Kafka is a distributed system composed of clients and servers which communicate through TCP, providing services for event streaming. It is deployed in various environments including hardwares, VMs, containers in on-premise and cloud.

Kafka replicates the log for each topic’s partition across a certain number of servers. It adopts Raft-like protocol to maintain the identical logs between a leader and followers. However, instead of using majority vote, a Kafka node maintains a set of in-sync (active, live) replicas (ISR, like a session list) to elect a leader. The drawback of majority vote is that it takes a few failures to leave a quorum system with no electable leaders. Enough redundancy to tolerate single point failure will sacrifice the throughput a lot for large data. A write to a topic’s partition is committed until all sessions in the ISR have received the write. Thus any replica that is in-sync is eligible to be leader. This ISR and f+1 replicas can make a Kafka’s topic tolerate f failures without losing committed messages.

There is another design principle of Kafka that does not require crashed nodes to recover with all data intact. A replica must fully re-sync to rejoin the ISR regardless of lost unflushed data in its crash.

Kafka guarantees the data consistency which is based on at least one in-sync replica. There are two expected behaviors for a system where all the replicas die:

  1. Wait for a replica in the ISR to be alive and choose it as the leader
  2. Choose the first replica (in or outside the ISR) to be alive as the leader

(Availability and Consistency) Kafka uses the first approach as default. The trade-off is between availability and consistency. If the data on the previous in-sync replica was lost, then the system is down for the first approach. Unless we violate the consistency guarantee, and take the first come-back-to-life replica as the leader and make the system available again.

(Availability and Durability) Kafka provides two configurations for the number of acknowledgements (acks) by replicas.

  1. The topic’s partition remains unavailable when all replicas die.
  2. The partition will only accept writes if the size of the ISR is above a certain min.
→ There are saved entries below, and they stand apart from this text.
lemma Inf_ereal_nonneg_eq_0_iff:
  "Inf {ereal e | e. 0 \<le> e \<and> P e} = 0 \<longleftrightarrow> (\<forall>d>0. \<exists>e. 0 \<le> e \<and> e < d \<and> P e)"
  (is "Inf ?S = 0 \<longleftrightarrow> _")
proof
  assume "Inf ?S = 0"
  show "\<forall>d>0. \<exists>e. 0 \<le> e \<and> e < d \<and> P e"
  proof (intro allI impI)
    fix d :: real assume "d > 0"
    then have "Inf ?S < ereal d" using \<open>Inf ?S = 0\<close> by simp
    then show "\<exists>e. 0 \<le> e \<and> e < d \<and> P e" by (auto simp: Inf_less_iff)
  qed
next
  assume small: "\<forall>d>0. \<exists>e. 0 \<le> e \<and> e < d \<and> P e"
  have "Inf ?S \<le> 0"
  proof (rule ereal_le_epsilon2)
    fix d :: real assume "0 < d"
    then obtain e where "0 \<le> e" "e < d" "P e" using small by blast
    then have "Inf ?S \<le> ereal e" by (intro Inf_lower) auto
    also have "\<dots> \<le> 0 + ereal d" using \<open>e < d\<close> by simp
    finally show "Inf ?S \<le> 0 + ereal d" .
  qed
  moreover have "0 \<le> Inf ?S" by (rule Inf_greatest) auto
  ultimately show "Inf ?S = 0" by simp
qed

lemma pers_moduleD:
  assumes "pers_module R Mo Mm"
  shows "module R (Mo p)"
    and "p \<le> q \<Longrightarrow> mod_hom R (Mo p) (Mo q) (Mm p q)"
    and "p \<le> q \<Longrightarrow> q \<le> r \<Longrightarrow> x \<in> carrier (Mo p) \<Longrightarrow> Mm q r (Mm p q x) = Mm p r x"
  using assms unfolding pers_module_def by simp_all

lemma pm_mor_to_pullback_hom:
  "pm_mor_to_pullback R T Ao Am Bo Bm f \<Longrightarrow> mod_hom R (Ao p) (Bo (T p)) (f p)"
  unfolding pm_mor_to_pullback_def by blast

lemma pm_interleaved_zero_iff:
  fixes T :: "'p::order \<Rightarrow> 'p"
  assumes pm: "pers_module R Mo Mm" and "mono T"
  shows "pm_interleaved R T Mo Mm (\<lambda>_. zero_module) (\<lambda>_ _ y. y) \<longleftrightarrow>
    (\<forall>p. \<forall>x\<in>carrier (Mo p). Mm p (T (T p)) x = \<zero>\<^bsub>Mo (T (T p))\<^esub>)"
proof
  assume "pm_interleaved R T Mo Mm (\<lambda>_. zero_module) (\<lambda>_ _ y. y)"
  then obtain f g where g: "pm_mor_to_pullback R T (\<lambda>_. zero_module) (\<lambda>_ _ y. y) Mo Mm g"
    and gf: "\<forall>p. \<forall>x\<in>carrier (Mo p). g (T p) (f p x) = Mm p (T (T p)) x"
    unfolding pm_interleaved_def by blast
  have "g (T p) y = \<zero>\<^bsub>Mo (T (T p))\<^esub>" for p y
    using pers_moduleD(1)[OF pm] pm_mor_to_pullback_hom[OF g] by (rule mod_hom_from_zero_module)
  then show "\<forall>p. \<forall>x\<in>carrier (Mo p). Mm p (T (T p)) x = \<zero>\<^bsub>Mo (T (T p))\<^esub>"
    using gf by simp
next
  assume vanish: "\<forall>p. \<forall>x\<in>carrier (Mo p). Mm p (T (T p)) x = \<zero>\<^bsub>Mo (T (T p))\<^esub>"
  define g where "g p y = \<zero>\<^bsub>Mo (T p)\<^esub>" for p and y :: unit
  have "pm_mor_to_pullback R T Mo Mm (\<lambda>_. zero_module) (\<lambda>_ _ y. y) (\<lambda>_ _. ())"
    unfolding pm_mor_to_pullback_def by (simp add: mod_hom_to_zero_module)
  moreover have "pm_mor_to_pullback R T (\<lambda>_. zero_module) (\<lambda>_ _ y. y) Mo Mm g"
    unfolding pm_mor_to_pullback_def
  proof (intro conjI allI impI ballI)
    fix p
    show "mod_hom R zero_module (Mo (T p)) (g p)"
      unfolding g_def by (rule mod_hom_zero_module_zero[OF pers_moduleD(1)[OF pm]])
  next
    fix p q :: 'p and y assume "p \<le> q"
    then have "T p \<le> T q" using \<open>mono T\<close> by (simp add: monoD)
    then show "g q y = Mm (T p) (T q) (g p y)"
      unfolding g_def using mod_hom_zero pers_moduleD[OF pm] by metis
  qed
  ultimately show "pm_interleaved R T Mo Mm (\<lambda>_. zero_module) (\<lambda>_ _ y. y)"
    unfolding pm_interleaved_def using vanish by (auto simp: g_def)
qed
A Kafka cluster manages hundreds of the partitions mentioned above. A special controller within each cluster manages the status of all the nodes. If a node dies, the controller will elect a new leader from the remaining nodes of ISR. If the controller fails, another controller will be elected.

Ceph Monitors: Paxos

Ceph is a software defined storage designed to store multiple PB data with high performance without any single point of failure. It’s deployed on commodity hardware or cloud. Reliable Autonomic Distributed Object Store (RADOS) is an object store composed of storage nodes that distributes data reliably and consistently. Object Storage Daemon (ODS) is a service running on the storage node which writes the data to hard drives.

Data replication is performed on ODS. A Ceph client writes to the primary ODS which is found by CRUSH and the cluster map. Then the primary ODS writes the data to the secondary ODSes through the same method. Each ODS writes data to its hard drive.

A Ceph storage cluster maintains monitors which update the topology of the whole cluster through the CRUSH algorithm. Ceph monitors use Paxos and majority vote to achieve strong consistency of the cluster map. They maintain a master copy of the cluster map including the changes to their operating states, the state of the cluster and cluster members etc. A single monitor in a cluster cannot survive single-point failure. There should be at least three monitors to tolerate single-point failure.

EBS Physalia: Paxos

To be continued…

DRBD Split-brain Solution

Terminology:

  1. Replicated data set: According to that a volume contains the replicated data set and and a set of metadata, the replicated data set denotes data, not metadata or states.

A split-brain issue for DRBD, for example, is that the secondary node is disconnected with the primary node and sees itself as the “primary”. This scenario can result in inconsistent data between those two nodes as they both start to service data.

DRBD tries to solve network partitions through preventions (dependency on external cluster resource management tool like Pacemaker), pre-configured auto-recovery (dangerous to lose an amount of data), manual intervention when the issue is detected (but how to solve divergent data case even if you get the admin access), and the quorum method. We will look into the quorum method.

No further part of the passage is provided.